(Data records)

lemma L_has_derivative_along_line:
  "((\<lambda>s. L (\<theta> + s *\<^sub>R v)) has_real_derivative 2 * slope (\<theta> + t *\<^sub>R v) v) (at t)"
proof -
  have "bounded_linear (\<lambda>A::complex^'n^'n. Re (trace A))"
    using bounded_linear_compose[OF bounded_linear_Re bounded_linear_trace] by (simp add: o_def)
  from bounded_linear.has_vector_derivative[OF this X_has_vector_derivative_along_line]
  have "((\<lambda>s. Re (trace (X (\<theta> + s *\<^sub>R v)))) has_vector_derivative - slope (\<theta> + t *\<^sub>R v) v) (at t)"
    by (simp add: slope_def trace_cscale)
  then have "((\<lambda>s. Re (trace (X (\<theta> + s *\<^sub>R v)))) has_real_derivative - slope (\<theta> + t *\<^sub>R v) v) (at t)"
    by (simp add: has_real_derivative_iff_has_vector_derivative)
  then have "((\<lambda>s. 2 * real CARD('n) - 2 * Re (trace (X (\<theta> + s *\<^sub>R v)))) has_real_derivative
      0 - 2 * (- slope (\<theta> + t *\<^sub>R v) v)) (at t)"
    by (intro DERIV_diff DERIV_const DERIV_cmult)
  then show ?thesis
    unfolding L_eq_Re_trace_X by simp
qed

lemma L_has_partial: "has_partial L a \<theta> (2 * slope \<theta> (axis a 1))"
  using L_has_derivative_along_line[of \<theta> "axis a 1" 0]
  by (simp add: has_partial_def has_real_derivative_iff_has_vector_derivative)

Assignment: Starting at the line above that contains "(\<lambda>A::complex^'n^'n. Re (trace", write out each line exactly until the line that contains "by (simp add: slope_def trace_cscale)" has been written, and stop there.

Result below:
  have "bounded_linear (\<lambda>A::complex^'n^'n. Re (trace A))"
    using bounded_linear_compose[OF bounded_linear_Re bounded_linear_trace] by (simp add: o_def)
  from bounded_linear.has_vector_derivative[OF this X_has_vector_derivative_along_line]
  have "((\<lambda>s. Re (trace (X (\<theta> + s *\<^sub>R v)))) has_vector_derivative - slope (\<theta> + t *\<^sub>R v) v) (at t)"
    by (simp add: slope_def trace_cscale)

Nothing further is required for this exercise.